けれど青藍の目には、時間という概念はとうに存在しなかった。ただひとつ、寝台の上で眠り続ける青年の姿だけが彼の世界を占めていた。
薄布の下で朔の胸はかすかに上下を繰り返す。時折、額に汗を浮かべ荒く短い呼吸を漏らす。そのたび青藍は濡らした布で額や首筋を拭い、荒熱を宥めることしかできなかった。陽騎には、使用人に任せれば良いと言われたが、どうしても他人に任せる気にならず、ココにいる。
癒しの光を放ち、あの場にいた全ての人の傷を癒した彼が、いまは己の身体ひとつ癒すことが出来ないほど弱り切っている――その現実に、青藍の胸は締めつけられていた。
「……せ……らん……」
掠れた声が、不意に空気を震わせた。
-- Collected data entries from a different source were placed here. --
section \<open>The repeated auction\<close>

(* What is known just before d_t is drawn: b_t is measurable for it and d_t is independent of it. *)
definition history :: "'a measure \<Rightarrow> (nat \<Rightarrow> 'a \<Rightarrow> real) \<Rightarrow> (nat \<Rightarrow> 'a \<Rightarrow> real) \<Rightarrow> nat \<Rightarrow> 'a measure" where
  "history M v d t = gen_sigma (space M) (v ` {1..t} \<union> d ` {1..<t})"

definition feedback :: "real \<Rightarrow> (nat \<Rightarrow> 'a \<Rightarrow> real) \<Rightarrow> (nat \<Rightarrow> 'a \<Rightarrow> real) \<Rightarrow> (nat \<Rightarrow> 'a \<Rightarrow> real)
    \<Rightarrow> nat \<Rightarrow> ('a \<Rightarrow> real) set" where
  "feedback \<alpha>0 v b d t =
    (\<Union>s\<in>{1..<t}. {v s, \<lambda>\<omega>. win (b s \<omega>) (d s \<omega>), \<lambda>\<omega>. cost \<alpha>0 (b s \<omega>) (d s \<omega>)})"

lemma space_history [simp]: "space (history M v d t) = space M"
  by (simp add: history_def)

lemma borel_measurable_history_value: "s \<in> {1..t} \<Longrightarrow> v s \<in> borel_measurable (history M v d t)"
  unfolding history_def by (intro borel_measurable_gen_sigma) auto

lemma borel_measurable_history_competing_bid:
  "s \<in> {1..<t} \<Longrightarrow> d s \<in> borel_measurable (history M v d t)"
  unfolding history_def by (intro borel_measurable_gen_sigma) auto

lemma measurable_history_mono:
  "f \<in> measurable (history M v d s) N \<Longrightarrow> s \<le> t \<Longrightarrow> f \<in> measurable (history M v d t) N"
  unfolding history_def by (erule measurable_gen_sigma_mono) auto

lemma borel_measurable_history_feedback:
  assumes b: "\<And>s. s \<in> {1..<t} \<Longrightarrow> b s \<in> borel_measurable (history M v d s)" and t: "1 \<le> t"
    and f: "f \<in> borel_measurable (gen_sigma (space M) (insert (v t) (feedback \<alpha>0 v b d t)))"
  shows "f \<in> borel_measurable (history M v d t)"
proof (rule measurable_gen_sigma_subset[OF space_history _ f])
  fix X
  assume "X \<in> insert (v t) (feedback \<alpha>0 v b d t)"
  then consider "X = v t" | s where "s \<in> {1..<t}"
      "X = v s \<or> X = (\<lambda>\<omega>. win (b s \<omega>) (d s \<omega>)) \<or> X = (\<lambda>\<omega>. cost \<alpha>0 (b s \<omega>) (d s \<omega>))"
    unfolding feedback_def by blast
  then show "X \<in> borel_measurable (history M v d t)"
  proof cases
    case 1
    then show ?thesis
      using t by (simp add: borel_measurable_history_value)
  next
    case (2 s)
    have [measurable]: "b s \<in> borel_measurable (history M v d t)"
      using 2 by (intro measurable_history_mono[OF b]) auto
    have [measurable]: "v s \<in> borel_measurable (history M v d t)"
      "d s \<in> borel_measurable (history M v d t)"
      using 2 by (auto intro: borel_measurable_history_value borel_measurable_history_competing_bid)
    show ?thesis
      using 2(2) unfolding win_def cost_def by auto
  qed
qed

lemma borel_measurable_history_bid:
  assumes b1: "\<And>\<omega>. \<omega> \<in> space M \<Longrightarrow> b 1 \<omega> = 1"
    and adapted: "\<And>t. t \<in> {2..T} \<Longrightarrow>
      b t \<in> borel_measurable (gen_sigma (space M) (insert (v t) (feedback \<alpha>0 v b d t)))"
  shows "t \<in> {1..T} \<Longrightarrow> b t \<in> borel_measurable (history M v d t)"
proof (induction t rule: less_induct)
  case (less t)
  show ?case
  proof (cases "t = 1")
    case True
    then show ?thesis
      using b1 by (subst measurable_cong[where g = "\<lambda>_. 1"]) auto
  next
    case False
    with less.prems have t: "t \<in> {2..T}"
      by auto
    show ?thesis
    proof (rule borel_measurable_history_feedback[OF _ _ adapted[OF t]])
      show "b s \<in> borel_measurable (history M v d s)" if "s \<in> {1..<t}" for s
        using less.IH that t by auto
    qed (use t in auto)
  qed
qed

locale bidding_process = prob_space M for M :: "'a measure" +
  fixes v d b :: "nat \<Rightarrow> 'a \<Rightarrow> real" and G :: "real \<Rightarrow> real" and \<alpha>0 :: real and T :: nat
  assumes alpha0: "\<alpha>0 \<in> {0..1}"
    and indep: "indep_vars (\<lambda>_. borel) (\<lambda>i. case i of Inl t \<Rightarrow> v t | Inr t \<Rightarrow> d t)
                  (Inl ` {1..T} \<union> Inr ` {1..T})"
    and v_range: "\<And>t \<omega>. t \<in> {1..T} \<Longrightarrow> \<omega> \<in> space M \<Longrightarrow> v t \<omega> \<in> {0..1}"
    and b_range: "\<And>t \<omega>. t \<in> {1..T} \<Longrightarrow> \<omega> \<in> space M \<Longrightarrow> b t \<omega> \<in> {0..1}"
    and d_nonneg: "\<And>t \<omega>. t \<in> {1..T} \<Longrightarrow> \<omega> \<in> space M \<Longrightarrow> 0 \<le> d t \<omega>"
    and G_cdf: "\<And>t y. t \<in> {1..T} \<Longrightarrow> measure M {\<omega> \<in> space M. d t \<omega> \<le> y} = G y"
    and b_history: "\<And>t. t \<in> {1..T} \<Longrightarrow> b t \<in> borel_measurable (history M v d t)"
begin

lemma random_variable_value: "t \<in> {1..T} \<Longrightarrow> random_variable borel (v t)"
  using indep unfolding indep_vars_def2 by (metis (no_types, lifting) UnCI imageI sum.case(1))

lemma random_variable_competing_bid: "t \<in> {1..T} \<Longrightarrow> random_variable borel (d t)"
  using indep unfolding indep_vars_def2 by (metis (no_types, lifting) UnCI imageI sum.case(2))

lemma sets_history_subset: "t \<le> T \<Longrightarrow> sets (history M v d t) \<subseteq> events"
  unfolding history_def
  by (intro sets_gen_sigma_subset) (auto intro: random_variable_value random_variable_competing_bid)

lemma measurable_history_subset:
  "t \<le> T \<Longrightarrow> f \<in> measurable (history M v d t) N \<Longrightarrow> f \<in> measurable M N"
  using measurable_mono[OF order_refl _ sets_history_subset] by auto

lemma random_variable_bid: "t \<in> {1..T} \<Longrightarrow> random_variable borel (b t)"
  by (rule measurable_history_subset[OF _ b_history]) auto

lemma indep_set_history:
  assumes "t \<in> {1..T}"
  shows "indep_set (sets (history M v d t)) {d t -` A \<inter> space M | A. A \<in> sets borel}"
proof -
  let ?X = "\<lambda>i. case i of Inl t \<Rightarrow> v t | Inr t \<Rightarrow> d t"
  have "history M v d t = gen_sigma (space M) (?X ` (Inl ` {1..t} \<union> Inr ` {1..<t}))"
    by (simp add: history_def image_Un image_image)
  moreover have "indep_set (sets (gen_sigma (space M) (?X ` (Inl ` {1..t} \<union> Inr ` {1..<t}))))
      {?X (Inr t) -` A \<inter> space M | A. A \<in> sets borel}"
    using assms by (intro indep_set_gen_sigma[OF indep]) auto
  ultimately show ?thesis
    by simp
qed

lemma real_distribution_competing_bid: "t \<in> {1..T} \<Longrightarrow> real_distribution (distr M borel (d t))"
  by (intro real_distribution_distr random_variable_competing_bid)

lemma cdf_competing_bid:
  assumes "t \<in> {1..T}"
  shows "cdf (distr M borel (d t)) = G"
proof
  fix y
  have "d t -` {..y} \<inter> space M = {\<omega> \<in> space M. d t \<omega> \<le> y}"
    by auto
  then show "cdf (distr M borel (d t)) y = G y"
    using assms G_cdf random_variable_competing_bid by (simp add: cdf_def measure_distr)
qed

lemma AE_competing_bid_nonneg: "t \<in> {1..T} \<Longrightarrow> AE y in distr M borel (d t). 0 \<le> y"
  by (subst AE_distr_iff) (auto simp: d_nonneg random_variable_competing_bid)

lemma borel_measurable_G:
  assumes "1 \<le> T"
  shows "G \<in> borel_measurable borel" and "(\<lambda>x. integral {0..x} G) \<in> borel_measurable borel"
proof -
  interpret D: real_distribution "distr M borel (d 1)"
    using assms by (intro real_distribution_competing_bid) auto
  have "G = cdf (distr M borel (d 1))"
    using assms by (simp add: cdf_competing_bid)
  then show "G \<in> borel_measurable borel" "(\<lambda>x. integral {0..x} G) \<in> borel_measurable borel"
    using D.borel_measurable_integral_cdf borel_measurable_mono[OF D.mono_cdf] by simp_all
qed

definition noise_sum :: "nat \<Rightarrow> 'a \<Rightarrow> real" where
  "noise_sum t \<omega> = (\<Sum>s = 1..<t. reward_noise \<alpha>0 G (v s \<omega>) (b s \<omega>) (d s \<omega>))"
医者が言ったように二日目の夜から熱に浮かされ始め、乾いた唇がかすかに動き自分の名を呼ぶ。
「……ここにいる。目を開けろ、朔」
届かぬと知りながらも囁かずにはいられなかった。 そんな夜が幾度も続いた。青藍は寝台脇の椅子に腰掛けたまま、片時もその場を離れない。運ばれてくる食事も食欲が湧かず、殆ど口をつけぬまま冷えていくだけだった。 見かねた陽騎が部屋に入るたび同じ言葉をかけてくる。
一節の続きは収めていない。